Key characteristics of software delivered by SaaS

The key characteristics of SaaS software, according to analyst IDC include:

  • Network-based access to, and management of, commercially available (e.g., not custom) software
  • Activities that are managed from central locations rather than at each customer's site, enabling customers to access applications remotely via the Web
  • Application delivery that typically is closer to a one-to-many model (single instance, multi-tenant architecture) than to a one-to-one model, including architecture, pricing, partnering, and management characteristics

Types of SaaS Providers

There are two types of SaaS providers. The first has often been referred to as an Application service provider (ASP) where a customer purchases and brings to a hosting company a copy of software, or the hosting company offers widely available software for use by customers, such as hosting Microsoft Office and making that available across the web to customer who pay a fee per month for access to the software. The second type of SaaS provider offer what is often called software on-demand, where a company offers to customers software specifically built for one-to-many hosting. This means that one copy of the software is installed for use by many companies who access the software across the web.

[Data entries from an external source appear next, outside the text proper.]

definition Omega_h :: "'a::euclidean_space set set \<Rightarrow> 'a set" where
  "Omega_h T = interior (\<Union> (simplices_of T))"

definition PL :: "'a::euclidean_space set set \<Rightarrow> ('a \<Rightarrow> real) set" where
  "PL T = {w. continuous_on (closure (Omega_h T)) w \<and>
              (\<forall>K\<in>simplices_of T. \<exists>a b. \<forall>x\<in>K. w x = a \<bullet> x + b)}"

definition Vh :: "real \<Rightarrow> 'a::euclidean_space set \<Rightarrow> ('a \<Rightarrow> real) \<Rightarrow> 'a set set \<Rightarrow> ('a \<Rightarrow> real) set" where
  "Vh s \<Omega> \<delta> T = {v. (\<exists>\<phi>\<in>PL T. \<forall>x\<in>\<Omega>. v x = \<delta> x powr s * \<phi> x) \<and>
                     (\<forall>x. x \<notin> \<Omega> \<longrightarrow> v x = 0)}"

end

theory Submission
  imports Defs
begin

text \<open>
  Write v = \<delta>^s \<phi> on \<Omega> and d = d_Omega \<Omega>. Since \<delta> is comparable to d and \<phi> is bounded,
  |v| \<le> A d^s; since moreover \<delta> is Lipschitz and \<phi> is Lipschitz along segments,
  |v x - v y| \<le> K |x - y| d(x)^(s-1) whenever |x - y| < d(x)/2. By symmetry of the kernel,
  the Gagliardo double integral is at most twice its part over d(y) \<le> d(x). For fixed x with
  r = d(x), the near part (|x - y| < r/2) is bounded by K^2 r^(2s-2) times the integral of
  |x - y|^(2-n-2s) over the ball of radius r/2, and the far part by 4 A^2 r^(2s) times the
  integral of |x - y|^(-n-2s) outside it. Summing over dyadic shells, both are bounded
  independently of x, so the double integral is at most a constant times |\<Omega>|.
\<close>

section \<open>Dyadic estimates for radial integrals\<close>

lemma ex_dyadic_bracket:
  fixes q :: real
  assumes "1 \<le> q"
  shows "\<exists>k::nat. 2 ^ k \<le> q \<and> q < 2 ^ Suc k"
proof -
  have "1 \<le> nat \<lfloor>q\<rfloor>" using assms by linarith
  then obtain k where k: "2 ^ k \<le> nat \<lfloor>q\<rfloor>" "nat \<lfloor>q\<rfloor> < 2 ^ (k + 1)"
    using ex_power_ivl1[of 2 "nat \<lfloor>q\<rfloor>"] by auto
  have "(2::int) ^ k \<le> \<lfloor>q\<rfloor>" "\<lfloor>q\<rfloor> < (2::int) ^ Suc k"
    using k assms by (auto simp: le_nat_iff nat_less_iff)
  then have "2 ^ k \<le> q" "q < 2 ^ Suc k"
    by (simp_all add: le_floor_iff floor_less_iff)
  then show ?thesis by blast
qed

lemma powr_mult_power:
  fixes b c a :: real
  assumes "0 < b"
  shows "(c * b ^ k) powr a = c powr a * (b powr a) ^ k"
proof -
  have "(b ^ k) powr a = (b powr a) ^ k"
    using assms by (simp add: powr_power powr_powr mult.commute flip: powr_realpow)
  then show ?thesis by (simp add: powr_mult)
qed

lemma powr_le_on_dyadic_shell:
  fixes r R e :: real
  assumes "0 < R" "R / 2 \<le> r" "r \<le> R"
  shows "r powr e \<le> 2 powr \<bar>e\<bar> * R powr e"
proof (cases "0 \<le> e")
  case True
  have "r powr e \<le> R powr e" using assms True by (intro powr_mono2) auto
  also have "\<dots> \<le> 2 powr \<bar>e\<bar> * R powr e"
    using ge_one_powr_ge_zero[of 2 "\<bar>e\<bar>"] by (simp add: mult_le_cancel_right1)
  finally show ?thesis .
next
  case False
  have "r powr e \<le> (R / 2) powr e" using assms False by (intro powr_mono2') auto
  also have "\<dots> = 2 powr \<bar>e\<bar> * R powr e"
    using False by (simp add: powr_divide powr_minus_divide divide_simps)
  finally show ?thesis .
qed

lemma suminf_ennreal_geometric:
  fixes C q :: real
  assumes "0 \<le> C" "0 \<le> q" "q < 1"
  shows "(\<Sum>k. ennreal (C * q ^ k)) = ennreal (C / (1 - q))"
proof -
  have "(\<lambda>k. C * q ^ k) sums (C * (1 / (1 - q)))"
    using assms by (intro sums_mult geometric_sums) simp
  then show ?thesis
    using assms by (subst suminf_ennreal2) (auto simp: sums_iff)
qed

lemma nn_integral_le_sum_cball_volumes:
  fixes x :: "'a::euclidean_space" and f :: "'a \<Rightarrow> ennreal"
  assumes cover: "\<And>y. f y \<noteq> 0 \<Longrightarrow> \<exists>k. dist x y \<le> R k \<and> f y \<le> ennreal (c k)"
    and "\<And>k. 0 \<le> R k" and "\<And>k. 0 \<le> c k"
  shows "(\<integral>\<^sup>+y. f y \<partial>lebesgue) \<le> (\<Sum>k. ennreal (c k * unit_ball_vol DIM('a) * R k ^ DIM('a)))"
proof -
  have "f y \<le> (\<Sum>k. ennreal (c k) * indicator (cball x (R k)) y)" for y
  proof (cases "f y = 0")
    case False
    then obtain k where "dist x y \<le> R k" "f y \<le> ennreal (c k)" using cover by blast
    then have "f y \<le> ennreal (c k) * indicator (cball x (R k)) y" by simp
    also have "\<dots> \<le> (\<Sum>k. ennreal (c k) * indicator (cball x (R k)) y)"
      by (metis ennreal_suminf_lessD not_le order_refl)
    finally show ?thesis .
  qed simp
  then have "(\<integral>\<^sup>+y. f y \<partial>lebesgue) \<le> (\<integral>\<^sup>+y. (\<Sum>k. ennreal (c k) * indicator (cball x (R k)) y) \<partial>lebesgue)"
    by (rule nn_integral_mono)
  also have "\<dots> = (\<Sum>k. \<integral>\<^sup>+y. ennreal (c k) * indicator (cball x (R k)) y \<partial>lebesgue)"
    by (intro nn_integral_suminf borel_measurable_times_ennreal borel_measurable_const
        borel_measurable_indicator) simp
  also have "\<dots> = (\<Sum>k. ennreal (c k) * emeasure lebesgue (cball x (R k)))"
    by (intro suminf_cong nn_integral_cmult_indicator) simp
  also have "\<dots> = (\<Sum>k. ennreal (c k * unit_ball_vol DIM('a) * R k ^ DIM('a)))"
    using assms(2,3) by (simp add: emeasure_cball mult.assoc flip: ennreal_mult')
  finally show ?thesis .
qed

lemma nn_integral_le_dyadic_geometric:
  fixes x :: "'a::euclidean_space" and f :: "'a \<Rightarrow> ennreal" and e :: real
  assumes "0 < R\<^sub>0" "0 < b" "b powr (e + DIM('a)) < 1"
    and shell: "\<And>y. f y \<noteq> 0 \<Longrightarrow> \<exists>k. R\<^sub>0 * b ^ k / 2 \<le> dist x y \<and> dist x y \<le> R\<^sub>0 * b ^ k"
    and f_le: "\<And>y. f y \<le> ennreal (dist x y powr e)"
  shows "(\<integral>\<^sup>+y. f y \<partial>lebesgue)
    \<le> ennreal (2 powr \<bar>e\<bar> * unit_ball_vol DIM('a) * R\<^sub>0 powr (e + DIM('a)) / (1 - b powr (e + DIM('a))))"
proof -
  define R where "R k = R\<^sub>0 * b ^ k" for k
  define C where "C = 2 powr \<bar>e\<bar> * unit_ball_vol DIM('a) * R\<^sub>0 powr (e + DIM('a))"
  have R_pos: "0 < R k" for k using assms unfolding R_def by simp
  have "(\<integral>\<^sup>+y. f y \<partial>lebesgue)
      \<le> (\<Sum>k. ennreal (2 powr \<bar>e\<bar> * R k powr e * unit_ball_vol DIM('a) * R k ^ DIM('a)))"
  proof (rule nn_integral_le_sum_cball_volumes)
    fix y assume "f y \<noteq> 0"
    then obtain k where k: "R k / 2 \<le> dist x y" "dist x y \<le> R k" using shell unfolding R_def by blast
    have "f y \<le> ennreal (2 powr \<bar>e\<bar> * R k powr e)"
      using f_le[of y] powr_le_on_dyadic_shell[OF R_pos k] by (meson ennreal_leI order_trans)
    with k show "\<exists>k. dist x y \<le> R k \<and> f y \<le> ennreal (2 powr \<bar>e\<bar> * R k powr e)" by blast
  qed (use R_pos in \<open>auto intro: less_imp_le\<close>)
  also have "\<dots> = (\<Sum>k. ennreal (C * (b powr (e + DIM('a))) ^ k))"
  proof (intro suminf_cong arg_cong[where f = ennreal])
    fix k
    have "R k powr e * R k ^ DIM('a) = R k powr (e + DIM('a))"
      using R_pos[of k] by (simp add: powr_add powr_realpow)
    then show "2 powr \<bar>e\<bar> * R k powr e * unit_ball_vol DIM('a) * R k ^ DIM('a)
        = C * (b powr (e + DIM('a))) ^ k"
      using assms(2) unfolding C_def R_def by (simp add: powr_mult_power mult_ac)
  qed
  also have "\<dots> = ennreal (C / (1 - b powr (e + DIM('a))))"
    using assms by (intro suminf_ennreal_geometric) (simp_all add: C_def)
  finally show ?thesis unfolding C_def .
qed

In the first of these types of providers, a licensing fee and a monthly fee are quite separate being paid to the maker of the software and the hoster of the software as appropriate. The second type of hosting is where there is no division between licensing and hosting fees, and where there is little to no customization of software for each customer.

ASP versus SaaS

The reason for moving away from the term ASP or Application service provider is that this was the term used in the 1990s for a group of companies offering software across the Internet. These companies floundered at the time as markets were not sure of the security of business and personal data being transported across the Internet and second that the mindset of the time was that the web was too slow for running applications. There are still many in the IT industry who see SaaS simply as a re-branding of the term ASP, which they see as a discredited concept.